The shuttle was still in testing; the payload for said test had been set and calculated to a fare-thee-well… one had to be atevi to fully comprehend just what manner of disruption such a change posed. Inconvenient, yes, but more to the point profoundly disturbing to a people whose culture revolved around felicitous numerical associations. Change one kilo of payload, and the entire mission might need to be redesigned.
It was more than Barb’s maneuver that had his stomach in a knot.
He could imagine Lord Brominandi making his speech in the legislature: Let the fool humans risk their necks in a shuttle that had only made four prior flights. Mospheirans suddenly declared they wanted seats, just seats, nothing major in the way of baggage, Shawn had told him, no great additional mass… oh, let the shuttle just carry enough fuel. No great problem. No recalculation at all, oh, no, nothing of the kind.
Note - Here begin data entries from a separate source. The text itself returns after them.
(* Let $\nu=\{-\pi=s_0<s_1<\dots<s_l=\pi\}$ be a partition of $[-\pi,\pi]$ with mesh $\rho:=\max_i|s_{i+1}-s_i|$, and let $\lfloor t\rfloor:=\max\{z\in\nu:z\le t\}$. Let $r>1$, $N\in\mathbb N$ and $t\in[-\pi,\pi]$. Then $$\int_{-\pi}^t\big|D_N(\lfloor t\rfloor-\lfloor s\rfloor)\big|^r\,ds\le 5\big(\rho+(2N+1)^{-1}\big)(2N+1)^r+\frac{2\pi^r}{r-1}(2N+1)^{r-1},$$ and consequently $\int_{-\pi}^t|\tilde D_N(\lfloor t\rfloor-\lfloor s\rfloor)|^r\,ds\le 5\rho+(2N+1)^{-1}\big(5+\frac{2\pi^r}{r-1}\big)$.
   Context: $D_N(t):=\sum_{|l|\le N}e^{ilt}$ ($i$ the imaginary unit) is the Dirichlet kernel, $D_N(t)=\frac{\sin((N+1/2)t)}{\sin(t/2)}$, and $\tilde D_N:=D_N/(2N+1)$. *)

theory Defs
  imports "HOL-Analysis.Analysis"
begin

definition dirichlet :: "nat \<Rightarrow> real \<Rightarrow> complex" where
  "dirichlet N t = (\<Sum>k\<in>{-int N..int N}. exp (\<i> * complex_of_real (real_of_int k * t)))"

definition dirichlet_tilde :: "nat \<Rightarrow> real \<Rightarrow> complex" where
  "dirichlet_tilde N t = dirichlet N t / of_nat (2 * N + 1)"

definition part_floor :: "real set \<Rightarrow> real \<Rightarrow> real" where
  "part_floor \<nu> t = Max {z \<in> \<nu>. z \<le> t}"

definition mesh :: "(nat \<Rightarrow> real) \<Rightarrow> nat \<Rightarrow> real" where
  "mesh s l = Max {s (Suc i) - s i | i. i < l}"

end

theory Submission
  imports Defs
begin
He was appalled. Infuriated. It was his shuttle, dammit, and even the possibility of a glitch-up and the loss of the shuttle turned his blood cold. God, the whole program set at incalculable risk. For what?
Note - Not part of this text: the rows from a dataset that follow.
definition GammaT :: "('e::finite \<Rightarrow> 'v::finite \<times> 'v) \<Rightarrow> ('e \<Rightarrow> real) \<Rightarrow> ('n \<Rightarrow> 'e set)
            \<Rightarrow> ('n \<Rightarrow> 'v set) \<Rightarrow> ('n \<Rightarrow> 'v set) \<Rightarrow> ('n \<Rightarrow> real^'v^'v) \<Rightarrow> 'n stree \<Rightarrow> real^'v^'v" where
  "GammaT ends w RE Bd Sep SC T =
     sum_list (map (\<lambda>t. pinv (submat (Lap ends w RE SC t) (Fset ends RE Bd Sep t) (Fset ends RE Bd Sep t)))
                   (subtrees T))"

end

theory Submission
  imports Defs
begin

text \<open>
  Let \<open>d = B\<^sup>T W\<^sup>1\<^sup>/\<^sup>2 v\<close> and let \<open>u\<close> be the product of the \<open>\<Pi>\<close>'s applied to \<open>d\<close>.
  Each \<open>X(H)\<close> reads only the coordinates in \<open>F(H)\<close> and writes only those in \<open>\<partial>H\<close>, which lie in
  the \<open>F\<close>-sets of strictly higher levels; so the \<open>\<Pi>\<close>'s perform back substitution and
  \<open>u + \<Sum>\<^sub>H X(H) u = d\<close>.
  By induction up the tree, \<open>B\<^sup>T W\<^sup>1\<^sup>/\<^sup>2 M(H) = L(H)\<close>: at an inner node one needs
  \<open>L(D) L(D)\<^sup>+ SC(D) = SC(D)\<close>, which holds because the kernel of the connected Laplacian \<open>L(D)\<close>
  consists of vectors constant on its support, and these are annihilated by the Laplacian \<open>SC(D)\<close>.
  Since \<open>z\<close> restricted to \<open>F(H)\<close> is \<open>L\<^sub>F\<^sub>F(H)\<^sup>+ u\<close>, it remains to see
  \<open>L(H) L\<^sub>F\<^sub>F(H)\<^sup>+ u = X(H) u + u|\<^sub>F\<^sub>(\<^sub>H\<^sub>)\<close> and to sum over \<open>H\<close>. The identity holds when
  \<open>u|\<^sub>F\<^sub>(\<^sub>H\<^sub>)\<close> is orthogonal to the kernel of \<open>L\<^sub>F\<^sub>F(H)\<close>, which is trivial unless \<open>\<partial>H = {}\<close>
  and then consists of the constants on \<open>F(H)\<close>. In that case no edge leaves the union of the
  \<open>F\<close>-sets below \<open>H\<close>, so \<open>d\<close> sums to zero there, and summing the triangular system over this
  union shows, by induction on the height, that \<open>u\<close> sums to zero on \<open>F(H)\<close>.
\<close>

section \<open>The Moore--Penrose pseudoinverse of a symmetric matrix\<close>

definition moore_penrose :: "real^'n^'m \<Rightarrow> real^'m^'n \<Rightarrow> bool" where
  "moore_penrose A X \<longleftrightarrow> A ** X ** A = A \<and> X ** A ** X = X \<and>
     transpose (A ** X) = A ** X \<and> transpose (X ** A) = X ** A"

lemma symmetric_matrix_inner:
  fixes A :: "real^'n^'n"
  assumes "transpose A = A"
  shows "(A *v x) \<bullet> y = x \<bullet> (A *v y)"
  by (metis assms dot_lmul_matrix vector_transpose_matrix)

lemma symmetric_matrix_if_inner:
  fixes M :: "real^'n^'n"
  assumes "\<And>x y. (M *v x) \<bullet> y = x \<bullet> (M *v y)"
  shows "transpose M = M"
proof -
  have "M $ i $ j = M $ j $ i" for i j
    using assms[of "axis j 1" "axis i 1"]
    by (simp add: inner_vec_def matrix_vector_mult_def axis_def if_distrib if_distribR
        cong del: if_weak_cong)
  then show ?thesis by (simp add: transpose_def vec_eq_iff)
qed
And Tabini cleared it to fly?
But the humans in orbit had called their interpreters home, first the one on Mospheira, which hadn’t alarmed anyone on the mainland. It was expected, though early.
And they’d though
t nothing of it when, on the next turnaround with the only space shuttle in existence, this turnaround, this last flight… they’d sent down a senior staffer from the station to replace, so he and Tabini had assumed, Yolanda Mercheson as the human-to-human paidhi.
But when Shawn so innocently announced that the station had called home the only other human being on the mainland, the only human being he had regular contact with, to go back to the ship that had sent him down… a fait accompli. No negotiation, no request, no concession to protocols or his plans…
That had been cause for alarm.
And had he only found out about that change in plans when the shuttle had landed and deposited said senior staffer unannounced on mainland soil, he might have been able to address those alarms. Instead, he’d been shipped off to Mospheira, delivering that same senior staffer from the station, one Trent Cope, to Shawn’s superiors, and now he had to learn of Jase’s imminent departure from a former colleague who had no idea the bombshell he’d been dropping.
Yolanda recalled to the station. Now Jase leaving without notice…
Now Tabini-aiji cleared a human mission to go into orbit and deal with the situation on the station before Tabini’s own representatives could go aloft?
He was more than appalled. He was furious. And having walked onto the plane with the matter with Barb simmering, an unreasoning fury boiled up in him at the sight of human smiles. The friendly greetings of former junior staffers in the Foreign Office grated on his nerves, and two senior staffers from Science and Commerce whose provenance he more than doubted were just the topping on the affair.
He knew damned well what the thinking on the island was: Mercheson had gone up with what she could report after her sojourn on the planet, and now the island government grew nervous about what she would report about them… justifiably, counting that certain injudicious fools on Mospheira had started shooting at each other in her witness.